### What you have to do
Please tally how many lines of the material below include the word "first", giving only the number.

### Dataset records
__________

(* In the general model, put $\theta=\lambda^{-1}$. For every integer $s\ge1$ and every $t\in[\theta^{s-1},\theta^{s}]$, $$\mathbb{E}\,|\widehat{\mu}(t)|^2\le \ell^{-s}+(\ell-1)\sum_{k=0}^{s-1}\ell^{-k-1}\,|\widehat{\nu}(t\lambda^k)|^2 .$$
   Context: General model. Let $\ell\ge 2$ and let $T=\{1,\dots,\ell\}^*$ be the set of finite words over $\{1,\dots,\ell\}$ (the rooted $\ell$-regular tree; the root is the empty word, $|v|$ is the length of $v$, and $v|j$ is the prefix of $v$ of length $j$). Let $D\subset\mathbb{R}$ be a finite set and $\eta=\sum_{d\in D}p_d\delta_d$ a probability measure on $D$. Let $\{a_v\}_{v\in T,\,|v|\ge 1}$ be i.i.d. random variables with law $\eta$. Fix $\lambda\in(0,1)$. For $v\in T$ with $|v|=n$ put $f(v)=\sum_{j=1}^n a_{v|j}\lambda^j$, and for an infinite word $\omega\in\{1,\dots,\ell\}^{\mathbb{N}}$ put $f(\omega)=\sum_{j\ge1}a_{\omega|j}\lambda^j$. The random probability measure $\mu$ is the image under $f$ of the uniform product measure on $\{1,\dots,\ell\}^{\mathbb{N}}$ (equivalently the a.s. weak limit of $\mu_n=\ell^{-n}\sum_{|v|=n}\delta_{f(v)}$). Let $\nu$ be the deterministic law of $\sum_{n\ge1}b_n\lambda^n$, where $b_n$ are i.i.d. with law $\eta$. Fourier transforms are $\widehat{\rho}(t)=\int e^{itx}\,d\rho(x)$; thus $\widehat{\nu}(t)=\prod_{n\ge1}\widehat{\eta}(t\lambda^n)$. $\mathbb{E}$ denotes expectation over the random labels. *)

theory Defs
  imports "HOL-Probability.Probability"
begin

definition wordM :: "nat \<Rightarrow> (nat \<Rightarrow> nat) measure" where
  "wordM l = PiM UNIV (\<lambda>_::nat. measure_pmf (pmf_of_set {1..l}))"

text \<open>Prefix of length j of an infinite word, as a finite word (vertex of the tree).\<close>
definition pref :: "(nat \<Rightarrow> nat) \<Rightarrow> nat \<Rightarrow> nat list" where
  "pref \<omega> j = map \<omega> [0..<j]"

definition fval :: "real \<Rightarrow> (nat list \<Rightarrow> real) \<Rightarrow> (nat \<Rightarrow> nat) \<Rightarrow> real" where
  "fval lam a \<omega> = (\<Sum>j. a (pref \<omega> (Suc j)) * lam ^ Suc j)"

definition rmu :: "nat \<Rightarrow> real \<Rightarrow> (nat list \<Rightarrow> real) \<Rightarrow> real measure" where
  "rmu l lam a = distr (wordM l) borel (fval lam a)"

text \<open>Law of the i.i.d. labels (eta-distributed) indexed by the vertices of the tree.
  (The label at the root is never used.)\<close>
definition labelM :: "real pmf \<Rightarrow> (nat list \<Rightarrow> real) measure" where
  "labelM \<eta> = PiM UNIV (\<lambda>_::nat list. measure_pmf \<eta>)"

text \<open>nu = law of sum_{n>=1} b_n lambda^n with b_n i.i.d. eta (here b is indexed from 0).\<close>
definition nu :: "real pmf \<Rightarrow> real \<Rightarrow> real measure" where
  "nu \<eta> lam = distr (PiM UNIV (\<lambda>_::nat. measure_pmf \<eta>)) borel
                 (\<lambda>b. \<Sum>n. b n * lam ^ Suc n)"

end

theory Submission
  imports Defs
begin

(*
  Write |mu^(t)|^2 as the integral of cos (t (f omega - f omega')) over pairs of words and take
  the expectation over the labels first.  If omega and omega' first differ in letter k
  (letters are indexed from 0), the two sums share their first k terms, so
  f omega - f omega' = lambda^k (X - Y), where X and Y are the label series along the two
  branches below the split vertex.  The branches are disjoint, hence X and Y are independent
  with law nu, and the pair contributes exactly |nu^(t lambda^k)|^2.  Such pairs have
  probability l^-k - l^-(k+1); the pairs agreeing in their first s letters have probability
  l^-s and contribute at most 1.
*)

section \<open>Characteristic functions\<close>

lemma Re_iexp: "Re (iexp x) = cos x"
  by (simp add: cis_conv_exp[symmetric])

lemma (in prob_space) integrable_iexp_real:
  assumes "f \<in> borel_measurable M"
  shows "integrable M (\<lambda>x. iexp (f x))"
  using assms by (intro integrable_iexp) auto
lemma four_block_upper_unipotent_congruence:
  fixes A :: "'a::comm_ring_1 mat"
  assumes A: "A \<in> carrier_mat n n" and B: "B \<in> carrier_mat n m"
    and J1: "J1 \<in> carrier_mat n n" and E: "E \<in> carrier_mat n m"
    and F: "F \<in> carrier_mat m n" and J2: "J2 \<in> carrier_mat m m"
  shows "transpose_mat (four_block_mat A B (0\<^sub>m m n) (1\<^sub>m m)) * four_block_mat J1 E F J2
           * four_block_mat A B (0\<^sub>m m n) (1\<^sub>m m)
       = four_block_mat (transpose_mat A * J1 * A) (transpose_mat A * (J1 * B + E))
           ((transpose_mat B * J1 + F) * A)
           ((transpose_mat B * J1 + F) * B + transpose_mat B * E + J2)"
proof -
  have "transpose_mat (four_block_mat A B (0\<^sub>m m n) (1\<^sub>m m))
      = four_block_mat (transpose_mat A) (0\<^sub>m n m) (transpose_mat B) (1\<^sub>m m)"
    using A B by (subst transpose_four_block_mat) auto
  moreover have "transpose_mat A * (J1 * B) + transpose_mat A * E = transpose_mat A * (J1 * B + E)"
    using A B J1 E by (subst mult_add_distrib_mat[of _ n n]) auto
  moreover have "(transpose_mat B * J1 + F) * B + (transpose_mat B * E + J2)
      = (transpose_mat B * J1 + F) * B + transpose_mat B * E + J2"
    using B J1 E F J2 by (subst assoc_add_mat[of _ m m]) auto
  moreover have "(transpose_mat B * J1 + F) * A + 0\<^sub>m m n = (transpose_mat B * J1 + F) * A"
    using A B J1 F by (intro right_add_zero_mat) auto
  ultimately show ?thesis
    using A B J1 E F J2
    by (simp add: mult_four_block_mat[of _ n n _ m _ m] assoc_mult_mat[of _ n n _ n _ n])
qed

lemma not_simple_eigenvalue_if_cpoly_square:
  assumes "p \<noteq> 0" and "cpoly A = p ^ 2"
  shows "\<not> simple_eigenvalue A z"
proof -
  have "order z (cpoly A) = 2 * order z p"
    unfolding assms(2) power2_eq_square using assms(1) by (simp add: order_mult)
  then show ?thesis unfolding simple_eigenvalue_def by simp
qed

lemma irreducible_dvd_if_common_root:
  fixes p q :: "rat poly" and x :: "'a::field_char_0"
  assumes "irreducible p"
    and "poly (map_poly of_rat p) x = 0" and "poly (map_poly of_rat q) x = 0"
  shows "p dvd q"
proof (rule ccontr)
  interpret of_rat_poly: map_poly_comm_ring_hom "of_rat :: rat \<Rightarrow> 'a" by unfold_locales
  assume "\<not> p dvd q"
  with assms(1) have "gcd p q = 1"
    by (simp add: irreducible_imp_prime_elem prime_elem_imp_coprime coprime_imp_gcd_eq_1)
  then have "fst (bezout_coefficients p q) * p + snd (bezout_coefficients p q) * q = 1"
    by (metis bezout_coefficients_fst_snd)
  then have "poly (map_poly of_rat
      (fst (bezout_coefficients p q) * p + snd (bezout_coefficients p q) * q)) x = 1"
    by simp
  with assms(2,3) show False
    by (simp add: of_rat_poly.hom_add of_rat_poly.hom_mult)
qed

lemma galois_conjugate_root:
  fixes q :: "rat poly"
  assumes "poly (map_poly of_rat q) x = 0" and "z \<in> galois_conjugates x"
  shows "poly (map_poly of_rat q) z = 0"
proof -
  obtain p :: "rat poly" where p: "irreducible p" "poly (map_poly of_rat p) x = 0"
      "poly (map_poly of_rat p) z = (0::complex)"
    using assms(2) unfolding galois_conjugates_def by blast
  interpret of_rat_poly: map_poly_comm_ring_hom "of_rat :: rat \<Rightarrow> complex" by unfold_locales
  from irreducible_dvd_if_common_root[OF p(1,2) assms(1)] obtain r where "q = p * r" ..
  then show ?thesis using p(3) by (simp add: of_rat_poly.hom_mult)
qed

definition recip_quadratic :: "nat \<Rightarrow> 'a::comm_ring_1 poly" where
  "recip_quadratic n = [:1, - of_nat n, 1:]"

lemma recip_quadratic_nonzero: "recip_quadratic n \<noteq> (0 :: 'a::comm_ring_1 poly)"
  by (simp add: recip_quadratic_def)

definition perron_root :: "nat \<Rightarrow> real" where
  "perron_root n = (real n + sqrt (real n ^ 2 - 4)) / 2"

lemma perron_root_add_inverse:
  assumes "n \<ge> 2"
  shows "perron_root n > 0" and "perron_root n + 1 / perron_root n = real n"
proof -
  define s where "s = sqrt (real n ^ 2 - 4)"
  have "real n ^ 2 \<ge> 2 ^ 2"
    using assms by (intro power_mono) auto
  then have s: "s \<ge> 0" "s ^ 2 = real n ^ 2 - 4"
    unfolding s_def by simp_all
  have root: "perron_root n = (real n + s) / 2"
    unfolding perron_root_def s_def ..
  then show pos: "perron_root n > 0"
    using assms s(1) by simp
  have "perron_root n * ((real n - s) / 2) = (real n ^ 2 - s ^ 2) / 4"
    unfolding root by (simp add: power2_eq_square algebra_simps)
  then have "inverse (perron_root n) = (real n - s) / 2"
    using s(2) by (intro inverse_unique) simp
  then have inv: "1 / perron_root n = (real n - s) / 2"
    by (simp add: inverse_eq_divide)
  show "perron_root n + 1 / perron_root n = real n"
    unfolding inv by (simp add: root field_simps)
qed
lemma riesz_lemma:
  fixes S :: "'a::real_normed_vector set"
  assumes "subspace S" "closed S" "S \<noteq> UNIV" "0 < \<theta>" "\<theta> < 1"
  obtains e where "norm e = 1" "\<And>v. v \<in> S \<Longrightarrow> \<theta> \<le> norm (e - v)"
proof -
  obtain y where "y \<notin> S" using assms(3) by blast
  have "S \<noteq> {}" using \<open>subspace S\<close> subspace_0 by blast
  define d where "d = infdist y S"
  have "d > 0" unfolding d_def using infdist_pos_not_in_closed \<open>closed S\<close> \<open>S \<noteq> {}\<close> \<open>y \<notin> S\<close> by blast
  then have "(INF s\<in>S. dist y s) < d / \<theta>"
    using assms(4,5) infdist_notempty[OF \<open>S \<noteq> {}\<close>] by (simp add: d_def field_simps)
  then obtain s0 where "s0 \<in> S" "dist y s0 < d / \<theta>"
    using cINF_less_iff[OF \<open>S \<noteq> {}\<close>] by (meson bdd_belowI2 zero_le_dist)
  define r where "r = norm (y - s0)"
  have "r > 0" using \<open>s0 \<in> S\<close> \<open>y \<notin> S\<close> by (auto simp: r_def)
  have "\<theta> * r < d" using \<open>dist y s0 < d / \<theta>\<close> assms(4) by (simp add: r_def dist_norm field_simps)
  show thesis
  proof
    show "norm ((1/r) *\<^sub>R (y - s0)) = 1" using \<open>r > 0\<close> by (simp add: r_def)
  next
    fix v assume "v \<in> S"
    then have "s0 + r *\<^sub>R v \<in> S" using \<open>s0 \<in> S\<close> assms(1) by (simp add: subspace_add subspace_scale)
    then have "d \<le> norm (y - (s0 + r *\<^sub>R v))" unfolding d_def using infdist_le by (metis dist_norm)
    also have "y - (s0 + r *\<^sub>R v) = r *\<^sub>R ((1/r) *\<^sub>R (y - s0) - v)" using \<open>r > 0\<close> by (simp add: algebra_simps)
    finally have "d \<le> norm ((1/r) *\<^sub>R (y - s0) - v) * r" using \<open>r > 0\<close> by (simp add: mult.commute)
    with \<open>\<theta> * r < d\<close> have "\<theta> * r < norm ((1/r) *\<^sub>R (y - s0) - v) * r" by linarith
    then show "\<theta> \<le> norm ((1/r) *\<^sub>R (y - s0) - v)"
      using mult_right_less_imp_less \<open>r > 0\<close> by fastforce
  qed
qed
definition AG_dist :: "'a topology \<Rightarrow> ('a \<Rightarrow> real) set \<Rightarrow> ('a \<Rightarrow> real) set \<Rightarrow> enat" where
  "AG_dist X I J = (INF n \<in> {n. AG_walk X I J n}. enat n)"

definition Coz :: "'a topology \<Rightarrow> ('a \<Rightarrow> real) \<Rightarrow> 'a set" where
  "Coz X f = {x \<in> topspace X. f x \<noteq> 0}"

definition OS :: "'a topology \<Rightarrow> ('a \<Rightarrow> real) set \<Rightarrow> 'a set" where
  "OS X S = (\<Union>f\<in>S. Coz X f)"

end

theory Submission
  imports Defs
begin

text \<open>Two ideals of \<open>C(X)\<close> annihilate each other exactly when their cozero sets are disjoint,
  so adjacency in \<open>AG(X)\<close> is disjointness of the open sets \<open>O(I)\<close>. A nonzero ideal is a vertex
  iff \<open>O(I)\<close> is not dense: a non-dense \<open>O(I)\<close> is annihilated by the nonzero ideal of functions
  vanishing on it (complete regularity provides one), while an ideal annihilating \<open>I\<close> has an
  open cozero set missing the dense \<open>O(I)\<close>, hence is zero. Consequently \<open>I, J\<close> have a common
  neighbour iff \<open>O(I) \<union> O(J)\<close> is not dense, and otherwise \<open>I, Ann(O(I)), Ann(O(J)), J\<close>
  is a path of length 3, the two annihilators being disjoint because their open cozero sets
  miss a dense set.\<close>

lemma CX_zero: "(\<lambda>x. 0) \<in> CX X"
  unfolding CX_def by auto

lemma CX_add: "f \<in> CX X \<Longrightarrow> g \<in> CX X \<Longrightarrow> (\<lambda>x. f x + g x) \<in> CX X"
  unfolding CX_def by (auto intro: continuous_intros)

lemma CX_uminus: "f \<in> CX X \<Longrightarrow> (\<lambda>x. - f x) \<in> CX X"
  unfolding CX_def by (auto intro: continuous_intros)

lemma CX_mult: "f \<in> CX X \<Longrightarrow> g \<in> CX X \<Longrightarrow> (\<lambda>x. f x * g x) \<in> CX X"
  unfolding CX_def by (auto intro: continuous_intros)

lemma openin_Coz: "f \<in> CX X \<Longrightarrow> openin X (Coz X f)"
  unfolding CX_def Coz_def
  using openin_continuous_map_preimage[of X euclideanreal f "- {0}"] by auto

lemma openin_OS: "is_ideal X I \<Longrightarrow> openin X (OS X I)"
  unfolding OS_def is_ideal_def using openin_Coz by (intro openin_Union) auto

__________

### Solution to the exercise
3